Poplin, also called tabinet (or tabbinet), is a fine (but thick) wool, cotton or silk fabric with crosswise ribs that typically give a corded surface. Nowadays, the name refers to a strong material in a plain weave of any fiber or blend.

Poplin traditionally consisted of a silk warp with a weft of worsted yarn. In this case, as the weft is in the form of a stout cord, the fabric has a ridged structure, like rep, which gives depth and softness to the lustre of the silky surface. The ribs run across the fabric from selvedge to selvedge. In Britain, woollen yarn from the spinners in Suffolk would be sent to Dublin to be woven with silk into tabinet.

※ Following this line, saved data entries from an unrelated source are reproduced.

text \<open>The tail of the series beyond index i is invariant under the shift by 2^-(i+1), which
  flips the sign of r_(i+1), so it integrates to 0 against r_(i+1); the head is handled by
  orthogonality.\<close>
lemma set_integral_rademacher_mult_series:
  fixes a :: "nat \<Rightarrow> real"
  assumes summable: "AE t in lborel. t \<in> {0..1} \<longrightarrow> summable (\<lambda>j. rademacher (Suc j) t *\<^sub>R a j)"
    and int: "set_integrable lborel {0..1} (rademacher_series a)"
  shows "(LINT t:{0..1}|lborel. rademacher (Suc i) t * rademacher_series a t) = a i"
proof -
  define P where "P t = (\<Sum>j<Suc i. rademacher (Suc j) t * a j)" for t
  define Q where "Q t = (\<Sum>j. rademacher (Suc (j + Suc i)) t * a (j + Suc i))" for t
  have [measurable]: "P \<in> borel_measurable borel" "Q \<in> borel_measurable borel"
    unfolding P_def Q_def by measurable
  have head_tail: "AE t \<in> {0..1} in lborel. rademacher_series a t = P t + Q t"
    using summable
  proof eventually_elim
    case (elim t)
    then show ?case
      using suminf_split_initial_segment[of "\<lambda>j. rademacher (Suc j) t * a j" "Suc i"]
      by (simp add: rademacher_series_def P_def Q_def)
  qed
  have intR: "set_integrable lborel {0..1} (\<lambda>t. rademacher j t * c)" for j c
    by (intro set_integrable_rademacher_mult set_integrable_bounded_unit_interval[where B="\<bar>c\<bar>"]) auto
  have intP: "set_integrable lborel {0..1} P"
    unfolding P_def by (intro set_integral_sum intR)
  have "set_integrable lborel {0..1} (\<lambda>t. rademacher_series a t - P t)"
    using int intP by (rule set_integral_diff)
  moreover have "AE t \<in> {0..1} in lborel. rademacher_series a t - P t = Q t"
    using head_tail by eventually_elim simp
  ultimately have intQ: "set_integrable lborel {0..1} Q"
    by (subst (asm) set_integrable_cong_AE[where g = Q]) auto
  have head: "(LINT t:{0..1}|lborel. rademacher (Suc i) t * P t) = a i"
  proof -
    have intRR: "set_integrable lborel {0..1} (\<lambda>t. rademacher j t * rademacher k t)" for j k
      by (rule set_integrable_bounded_unit_interval[where B=1])
         (auto simp: abs_mult intro: mult_le_one abs_rademacher_le_1)
    have "(LINT t:{0..1}|lborel. rademacher (Suc i) t * P t)
        = (LINT t:{0..1}|lborel. (\<Sum>j<Suc i. a j * (rademacher (Suc j) t * rademacher (Suc i) t)))"
      unfolding P_def sum_distrib_left by (simp only: mult_ac)
    also have "\<dots> = (\<Sum>j<Suc i. a j * (LINT t:{0..1}|lborel. rademacher (Suc j) t * rademacher (Suc i) t))"
      by (subst set_integral_sum(2)) (auto intro: intRR)
    also have "\<dots> = a i"
      by (simp add: rademacher_orthogonal set_integral_rademacher_square)
    finally show ?thesis .
  qed
  have tail: "(LINT t:{0..1}|lborel. rademacher (Suc i) t * Q t) = 0"
  proof (rule set_integral_rademacher_mult_eq_0[OF _ _ intQ])
    show "Q (t + 1 / 2 ^ Suc i) = Q t" for t
      unfolding Q_def using rademacher_shift[of "Suc i" "Suc (_ + Suc i)" t] by simp
  qed (simp_all add: Q_def rademacher_periodic)
  have "(LINT t:{0..1}|lborel. rademacher (Suc i) t * rademacher_series a t)
      = (LINT t:{0..1}|lborel. rademacher (Suc i) t * P t + rademacher (Suc i) t * Q t)"
    using head_tail by (intro set_lebesgue_integral_cong_AE) (auto simp: distrib_left)
  also have "\<dots> = a i"
    using head tail intP intQ by (simp add: set_integrable_rademacher_mult)
  finally show ?thesis .
qed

Poplin is now made with wool, cotton, silk, rayon, polyester or a mixture of these. Since it has a plain under/over weave, the fabric displays a plain woven surface with no ribbing if the weft and warp threads are of the same material and size. Shirts made from this material are easy to iron and do not wrinkle easily.

Poplins are used for dress purposes, and for rich upholstery work which are formed by using coarse filling-yarns in a plain/hard weave.

The term "poplin" allegedly originates from papelino, a fabric made at Avignon, France, in the 15th century, and named for the papal (pope's) residence there, and from the French papeline (a fabric, normally made with silk, of the same period). An alternative derivation associates "poplin" with products of the cloth industry of Poperinge in Flanders in present-day Belgium.

The most common usage of poplin until about the 20th century was to make silk, cotton or heavy-weight wool dresses, suitable for winter wear.

In the early 1920s, British-made cotton poplin was introduced to the United States, but the American market thought that the name had connotations of heaviness and arbitrarily renamed it "broadcloth", a name that persists for a cotton or polyester-cotton blend fabric used for shirting. In Europe, "broadcloth" typically describes a densely-woven woolen fabric with a smooth finish.